依舊是我行我素的一身紅衣,在黑壓壓的一片人中格外的顯眼,在戰場上就是明晃晃的靶子。

安容容輕笑。

這人還真是不知道什麽叫低調。

唇張了張,隨後露出一抹苦笑,安容容從來沒想過,自己還有這麽大義的一天。

啊,總覺得這次的時空之旅不虧呢。

而孫然看懂安容容說的什麽,卻是瞳孔一縮。

“別管我。”

隨後臉上掛上了一抹笑容,這就是她的容容啊,善良得永遠在為其他人考慮。

“出來吧,紅翼。”

孫然話一落,一個三米高的紅機甲憑空出現在兩軍之間,在太陽底下亮得反光。

不止敵軍嚇了一跳,就連孫然這邊的軍也嚇了一跳。

孫然卻是如老朋友般說了一句:“好久不見,紅翼。”

這話一出,紅色機甲瞬間啟動,門艙已開,孫然踩著馬背跳了上去。

從機甲屏幕上可以看到外面的狀況,看到安容容同樣也是一副震驚的模樣,眼裏帶上寵溺。

她想清楚了,這件事過了,她就把所有的事都告訴安容容。

“聽著,把我的妻子送回來,不然就別怪我踏平西涼。”

“我說道做到。”

話一路,便見機甲一動,激光一出敵方派出的軍隊瞬間死傷無數,哀嚎遍野。

看到這幅場景,敵方大將抓著安容容的手差點沒拿穩,顫著聲音:“怪……怪物。”

安容容同樣也是震驚不已。

孫然她走……走錯片場了吧。

這個不是古代世界嗎?

敵方大將聽著下面的慘叫,顫著腿:“紅夜叉,你難道真的不管你的夫人?”

孫然:“當然,程將軍你好好想清楚,要是我的夫人受到一點傷害,我的鐵騎將踏平西涼。
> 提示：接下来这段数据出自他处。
lemma vwalk_N_B_to_N_A_crosses_b:
  assumes P: "vwalk T vs es" and "distinct vs" "hd vs \<in> N_B" "last vs \<in> N_A" "a \<notin> set es"
  obtains r1 r2 ws where "es = r1 @ b # r2" "set r1 \<inter> edges_N_A = {}" "vwalk T (p2 # ws) r2"
    "distinct (p2 # ws)" "set (p2 # ws) \<subseteq> N_A" "last (p2 # ws) = last vs" "set r2 \<inter> {a, b} = {}"
proof -
  have dist_es: "distinct es" using vwalk_distinct_edges P assms(2) by blast
  have "b \<in> set es" using vwalk_N_B_to_N_A_uses_b[OF P assms(3-5)] .
  then obtain r1 r2 where es: "es = r1 @ b # r2" using split_list by metis
  then have r12: "set r1 \<inter> {a, b} = {}" "set r2 \<inter> {a, b} = {}" using dist_es assms(5) by auto
  define k where "k = length r1"
  have split: "vwalk T (take (Suc k) vs) r1" "vwalk T (drop k vs) (b # r2)"
    using vwalk_split[of T vs r1 "b # r2"] P es k_def by auto
  obtain z1 z2 ws where z: "drop k vs = z1 # z2 # ws" "ends T b = {z1, z2}" "vwalk T (z2 # ws) r2"
    using split(2) by (rule vwalk_ConsE)
  have k: "k < length vs" using vwalk_length[OF P] es k_def by simp
  moreover have "vs ! k = z1" using z(1) by (metis nth_via_drop)
  ultimately have "take (Suc k) vs = take k vs @ [z1]" by (simp add: take_Suc_conv_app_nth)
  then have z1_in: "z1 \<in> set (take (Suc k) vs)" by simp
  have "hd (take (Suc k) vs) = hd vs" by simp
  then have B: "set (take (Suc k) vs) \<subseteq> N_B"
    using vwalk_inside_side[OF split(1) r12(1), of N_B] assms(3) by simp
  have dist_z: "distinct (z1 # z2 # ws)" using assms(2) z(1) by (metis distinct_drop)
  have "z1 \<in> N_B" using B z1_in by blast
  then have "z1 \<noteq> p2" using p2_N_A N_A_N_B_disjoint by blast
  then have "z2 = p2" using z(2) ends_b dist_z by (auto simp: doubleton_eq_iff)
  have "last (z2 # ws) = last (drop k vs)" using z(1) by simp
  also have "\<dots> = last vs" using k by (simp add: last_drop)
  finally have "last (z2 # ws) = last vs" .
  moreover have "set (z2 # ws) \<subseteq> N_A"
    using vwalk_inside_side[OF z(3) r12(2), of N_A] \<open>z2 = p2\<close> p2_N_A by simp
  moreover have "set r1 \<inter> edges_N_A = {}" using vwalk_N_B_edges[OF split(1) B] .
  moreover have "distinct (z2 # ws)" using dist_z by simp
  ultimately show ?thesis using that[OF es] z(3) r12(2) \<open>z2 = p2\<close> by blast
qed

lemma edges_N_A_not_in_N_B:
  assumes "t \<in> edges_N_A"
  shows "\<not> ends T t \<subseteq> N_B"
proof
  assume "ends T t \<subseteq> N_B"
  moreover have "ends T t \<subseteq> N_A" "ends T t \<noteq> {}"
    using assms wf_graph_ends(2)[OF wf_T] by (simp_all add: edges_N_A_iff)
  ultimately show False using N_A_N_B_disjoint by blast
qed
lemma utility_le_max_utility:
  assumes mono: "mono_on {0..1} v" and p: "p > 0" and x: "x \<in> {0..1}"
  shows "v x - p * x \<le> max_utility p v"
proof (rule ccontr)
  assume "\<not> v x - p * x \<le> max_utility p v"
  then have e: "(v x - p * x - max_utility p v) / p > 0" (is "?e > 0") using p by simp
  obtain q where q: "q \<in> \<rat>" "x \<le> q" "q \<le> 1" "q < x + ?e"
  proof (cases "x = 1")
    case True then show ?thesis using that[of 1] e by auto
  next
    case False
    then have "x < min 1 (x + ?e)" using x e by auto
    then obtain q where "q \<in> \<rat>" "x < q" "q < min 1 (x + ?e)"
      using Rats_dense_in_real by blast
    then show ?thesis using that[of q] by auto
  qed
  have q01: "q \<in> {0..1}" using q x by auto
  have "v x \<le> v q" "v q \<le> v 1" using mono q01 x q by (auto intro: mono_onD)
  have "v x - p * x - p * ?e < v q - p * q"
    using \<open>v x \<le> v q\<close> mult_strict_left_mono[OF q(4) p] by (simp add: algebra_simps)
  also have "\<dots> = min (v q - p * q) (v 1)"
  proof -
    have "0 \<le> p * q" using p q01 by simp
    then show ?thesis using \<open>v q \<le> v 1\<close> by (simp add: min_def)
  qed
  also have "\<dots> \<le> max_utility p v"
    unfolding max_utility_def by (rule cSUP_upper[OF _ bdd_above_max_utility]) (use q q01 in auto)
  finally show False using p by simp
qed
lemma braid_perm_knot_word:
  assumes "1 \<le> k" "k < n" "e mod int (2 * n) = -2 mod int (2 * n)" "x \<in> {1..2 * n}"
  shows "braid_perm (gen_word 1 (2 * k - 1) @ braid_pow (gen_word 1 (2 * n - 1)) e) x
    = knot_perm n k x"
proof -
  have N: "Suc (2 * n - 1) = 2 * n" using assms(2) by simp
  have "braid_perm (braid_pow (gen_word 1 (2 * n - 1)) e) x = cyclic_shift (2 * n) e x"
    using braid_perm_braid_pow_cyclic_shift braid_perm_gen_word_cyclic_shift[of _ "2 * n - 1"]
      assms(2,4) unfolding N by simp
  also have "\<dots> = cyclic_shift (2 * n) (-2) x"
    using cyclic_shift_cong[OF assms(3)] by simp
  finally show ?thesis
    using knot_perm_eq_cycle_after_shift[OF assms(1,2,4)] by (simp add: braid_perm_append)
qed

theorem mainTheorem4:
  fixes n k :: nat and m :: int
  assumes "n \<ge> 2" and "1 \<le> k" and "k \<le> n - 1"
  shows "closure_is_knot (2 * n)
           (gen_word 1 (2 * k - 1) @
            braid_pow (gen_word 1 (2 * n - 1)) (2 * int n - 2 + 2 * m * int n))"
proof -
  let ?e = "2 * int n - 2 + 2 * m * int n"
  have "k < n" using assms by linarith
  have "?e = -2 + int (2 * n) * (m + 1)" by (simp add: algebra_simps)
  then have e: "?e mod int (2 * n) = -2 mod int (2 * n)" by (metis mod_mult_self2)
  have "\<exists>t. (braid_perm (gen_word 1 (2 * k - 1) @ braid_pow (gen_word 1 (2 * n - 1)) ?e) ^^ t) x = y"
    if "x \<in> {1..2 * n}" "y \<in> {1..2 * n}" for x y
    using knot_perm_transitive[OF \<open>1 \<le> k\<close> \<open>k < n\<close>
        braid_perm_knot_word[OF \<open>1 \<le> k\<close> \<open>k < n\<close> e]] that by blast
  moreover have "valid_word (2 * n) (gen_word 1 (2 * k - 1) @ braid_pow (gen_word 1 (2 * n - 1)) ?e)"
    using \<open>k < n\<close> by (auto simp: valid_word_def gen_word_def braid_pow_def braid_inv_def)
  ultimately show ?thesis
    unfolding closure_is_knot_def by blast
qed

end
(* Let $(\mathcal{A},\{\mu_n\}_{n\ge1})$ be an $A_\infty$-algebra and $(\mathcal{M},\{\nu_n\}_{n\ge1})$ a representation of it. A degree $0$ linear map $\mathcal{R}:\mathcal{M}\to\mathcal{A}$ is a strict homotopy relative Rota–Baxter operator if and only if the map $\widetilde{\mathcal{R}}:\mathcal{A}\oplus\mathcal{M}\to\mathcal{A}\oplus\mathcal{M}$, $\widetilde{\mathcal{R}}(a,u)=(\mathcal{R}(u),0)$, is a strict homotopy Nijenhuis operator on the semidirect product $A_\infty$-algebra $(\mathcal{A}\oplus\mathcal{M},\{\mu_n^\ltimes\}_{n\ge1})$.
   Context: Over a field of characteristic $0$. An $A_\infty$-algebra is a graded vector space $\mathcal{A}=\bigoplus_{i\in\mathbb{Z}}\mathcal{A}_i$ with graded linear maps $\mu_n:\mathcal{A}^{\otimes n}\to\mathcal{A}$ of degree $n-2$ such that for each $k\ge1$ and homogeneous $a_1,\dots,a_k$: $\sum_{m+n=k+1}\sum_{i=1}^m(-1)^{i(n+1)+n(|a_1|+\cdots+|a_{i-1}|)}\mu_m(a_1,\dots,a_{i-1},\mu_n(a_i,\dots,a_{i+n-1}),a_{i+n},\dots,a_k)=0$. A representation is a graded vector space $\mathcal{M}$ with maps $\nu_n:\bigoplus_{r=1}^n(\mathcal{A}^{\otimes r-1}\otimes\mathcal{M}\otimes\mathcal{A}^{\otimes n-r})\to\mathcal{M}$ of degree $n-2$ satisfying the same identities whenever exactly one argument lies in $\mathcal{M}$ (with the operations applied to an argument containing that element replaced by $\nu$). The semidirect product is $\mu_n^\ltimes((a_1,u_1),\dots,(a_n,u_n))=(\mu_n(a_1,\dots,a_n),\sum_{r=1}^n\nu_n(a_1,\dots,u_r,\dots,a_n))$, an $A_\infty$-algebra. A degree $0$ map $\mathcal{R}:\mathcal{M}\to\mathcal{A}$ is a strict homotopy relative Rota–Baxter operator if $\mu_n(\mathcal{R}u_1,\dots,\mathcal{R}u_n)=\sum_{r=1}^n\mathcal{R}(\nu_n(\mathcal{R}u_1,\dots,u_r,\dots,\mathcal{R}u_n))$ for all $n\ge1$ and homogeneous $u_i$. On an $A_\infty$-algebra $(\mathcal{B},\{m_n\})$ a degree $0$ linear map $\mathcal{N}$ is a strict homotopy Nijenhuis operator if for all $n\ge1$ and homogeneous $b_1,\dots,b_n$: $m_n(\mathcal{N}b_1,\dots,\mathcal{N}b_n)=\sum_{k=1}^n(-1)^{k-1}\mathcal{N}^k\Big(\sum_{S\subseteq\{1..n\},|S|=k}m_n(c^S_1,\dots,c^S_n)\Big)$ where $c^S_i=b_i$ if $i\in S$ and $c^S_i=\mathcal{N}(b_i)$ if $i\notin S$. *)

theory Defs
  imports Complex_Main "HOL-Library.Product_Plus"
begin

definition graded_vs :: "('k::field \<Rightarrow> 'a::ab_group_add \<Rightarrow> 'a) \<Rightarrow> (int \<Rightarrow> 'a set) \<Rightarrow> bool" where
  "graded_vs s G \<longleftrightarrow>
     Vector_Spaces.vector_space s \<and>
     (\<forall>i. 0 \<in> G i \<and> (\<forall>x\<in>G i. \<forall>y\<in>G i. x + y \<in> G i) \<and> (\<forall>c. \<forall>x\<in>G i. s c x \<in> G i)) \<and>
     (\<forall>x. \<exists>f. finite {i. f i \<noteq> 0} \<and> (\<forall>i. f i \<in> G i) \<and> x = (\<Sum>i\<in>{i. f i \<noteq> 0}. f i)) \<and>
     (\<forall>f. finite {i. f i \<noteq> 0} \<and> (\<forall>i. f i \<in> G i) \<and> (\<Sum>i\<in>{i. f i \<noteq> 0}. f i) = 0
          \<longrightarrow> (\<forall>i. f i = 0))"

definition homog :: "(int \<Rightarrow> 'a set) \<Rightarrow> int list \<Rightarrow> 'a list \<Rightarrow> bool" where
  "homog G ds xs \<longleftrightarrow> length ds = length xs \<and> (\<forall>j<length xs. xs ! j \<in> G (ds ! j))"

definition sgnp :: "int \<Rightarrow> 'c::ab_group_add \<Rightarrow> 'c" where
  "sgnp e x = (if even e then x else - x)"

text \<open>The left-hand side of the k-th A-infinity relation (k = length xs), for an
  operation m acting on argument lists (the arity being the length of the list),
  where the result is read through the map proj.\<close>
definition ainf_sum :: "('b list \<Rightarrow> 'b) \<Rightarrow> ('b \<Rightarrow> 'c::ab_group_add) \<Rightarrow> int list \<Rightarrow> 'b list \<Rightarrow> 'c" where
  "ainf_sum m proj ds xs =
     (\<Sum>n\<in>{1..length xs}. \<Sum>i\<in>{1..length xs + 1 - n}.
        sgnp (int i * (int n + 1) + int n * sum_list (take (i - 1) ds))
          (proj (m (take (i - 1) xs @ [m (take n (drop (i - 1) xs))] @ drop (i - 1 + n) xs))))"

text \<open>mu xs is mu_n(x_1,...,x_n) with n = length xs (only n \<ge> 1 is relevant).\<close>
definition ainf_algebra ::
  "('k::field \<Rightarrow> 'a::ab_group_add \<Rightarrow> 'a) \<Rightarrow> (int \<Rightarrow> 'a set) \<Rightarrow> ('a list \<Rightarrow> 'a) \<Rightarrow> bool" where
  "ainf_algebra s G mu \<longleftrightarrow>
     graded_vs s G \<and>
     (\<forall>pre post. Vector_Spaces.linear s s (\<lambda>x. mu (pre @ [x] @ post))) \<and>
     (\<forall>ds xs. homog G ds xs \<and> xs \<noteq> [] \<longrightarrow> mu xs \<in> G (sum_list ds + int (length xs) - 2)) \<and>
     (\<forall>ds xs. homog G ds xs \<and> xs \<noteq> [] \<longrightarrow> ainf_sum mu id ds xs = 0)"

definition isR :: "'a + 'm \<Rightarrow> bool" where "isR = case_sum (\<lambda>_. False) (\<lambda>_. True)"
definition prL :: "'a::zero + 'm \<Rightarrow> 'a" where "prL = case_sum id (\<lambda>_. 0)"
definition prR :: "'a + 'm::zero \<Rightarrow> 'm" where "prR = case_sum (\<lambda>_. 0) id"

text \<open>nu pre u post is nu_n(a_1,...,a_{r-1},u,a_{r+1},...,a_n) with pre = [a_1..a_{r-1}],
  post = [a_{r+1}..a_n].  The combined operation on lists of elements of A or M:
  mu if no argument lies in M, nu if (exactly) one argument lies in M.\<close>
definition mixop :: "('a::zero list \<Rightarrow> 'a) \<Rightarrow> ('a list \<Rightarrow> 'm::zero \<Rightarrow> 'a list \<Rightarrow> 'm)
    \<Rightarrow> ('a + 'm) list \<Rightarrow> 'a + 'm" where
  "mixop mu nu xs =
     (let P = filter (\<lambda>i. isR (xs ! i)) [0..<length xs] in
      if P = [] then Inl (mu (map prL xs))
      else Inr (nu (map prL (take (hd P) xs)) (prR (xs ! hd P)) (map prL (drop (Suc (hd P)) xs))))"

definition homog_mix :: "(int \<Rightarrow> 'a set) \<Rightarrow> (int \<Rightarrow> 'm set) \<Rightarrow> int list \<Rightarrow> ('a + 'm) list \<Rightarrow> bool" where
  "homog_mix GA GM ds xs \<longleftrightarrow> length ds = length xs \<and>
     (\<forall>j<length xs. case xs ! j of Inl a \<Rightarrow> a \<in> GA (ds ! j) | Inr u \<Rightarrow> u \<in> GM (ds ! j))"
”

程峰快哭了,對方的武力值就讓他們潰不成軍,如今也不知道從哪裏來的神器,就這麽輕輕一掃傷亡過了辦。

“要想你的夫人平安可以,把這件神器交出來。”

孫然看著對方硬撐著說出這句話,笑了,紅翼又是一擡,城墻內發出一聲巨大的爆炸聲。

“放還是不放?”

孫然不知不覺已經殺紅了眼,以前壓抑的野獸漸漸蘇醒,眨眼之間,城池已經毀了一大半,耳邊是無數的尖叫聲。

他們恐懼著,卻逃無可逃。

而跟在孫然身後的士兵也害怕似逃離這個地方。

當力量超過了界限,帶來的不是崇拜而是無邊的恐懼,畏懼著未知的力量。

“阿然、阿然……我肚子疼。”

是誰?

是誰在叫她,似乎從心底冒出一抹強烈的白光,野獸又慢慢收回爪牙,安靜的蜷縮著。

再看外面的戰場時,發現西涼的士兵全都跪在地上,包括城裏的老百姓。

孫然從機甲下來,走到安容容的旁邊,眼裏帶著脆弱,手顫著不敢扶她:“容容?”

安容容輕輕一笑,“不是很痛,阿然我們回家吧。”

孫然哽咽了一下:“嗯,回家。”

扶著安容容下來的時候,看到荒蕪的廢墟,西涼老百姓們麻木的跪在地上,耳邊似乎有小孩的哭聲,死屍

一片。

孫然看著跪在地上一位瘦弱的母親,牢牢的抱著懷裏哭哭啼啼的孩子,見孫然的視線看過來,顫抖著抱著孩子,眼裏滿是驚恐。

“走吧。”

手上的溫軟讓孫然把視線移了過來,回握住對方的手。

……

兩個月後……

一所遠離鬧市的小院,裏面傳來壓抑痛苦的聲音,而門外紅衣女子每聽見一聲,臉越來越白,渾身冒冷汗,要不是被人扶著,說不定沒出息的摔在地上。

“三妹,生孩子就這樣,你別慌。”

孫然顫著聲音:“早知道,早知道我就絕育。”

也沒人管孫然嘴裏的話,所有人的註意力都在屋子裏。

“哇哇……”一陣嬰兒啼哭聲傳了出來,孫然渾一軟,倒在了地上。

隨後想起什麽,立馬爬起來,跑進屋裏,看到安容容掛著虛弱的笑容,費力的擡著手輕輕觸碰旁邊的小團子。

見孫然進來,安容容說:“是個女兒,樂安,叫樂安好不好。”

孫然微紅著眼:“好。”

……

安容容抱著小樂安餵奶的時候,孫然進來,一臉嫉妒,說著酸話:“那裏原本是我的。”

安容容哭笑不得,自從有了小樂安後,孫然沒變得成熟倒是越來越幼稚了。

見小樂安打了個嗝,安容容對著孫然說:“阿然幫我抱著小樂安,我整理一下衣服。”

孫然就像是炸毛了一樣,後退了兩步:“我……我去找奶娘過來。”

安容容臉上掛上溫柔的笑意:“阿然。”

生氣了,絕對生氣了。

孫然低頭移向她懷裏的小團子,沒了出生時皺巴巴的樣子,變得雪白糯糯的,一雙眼睛好奇看著她。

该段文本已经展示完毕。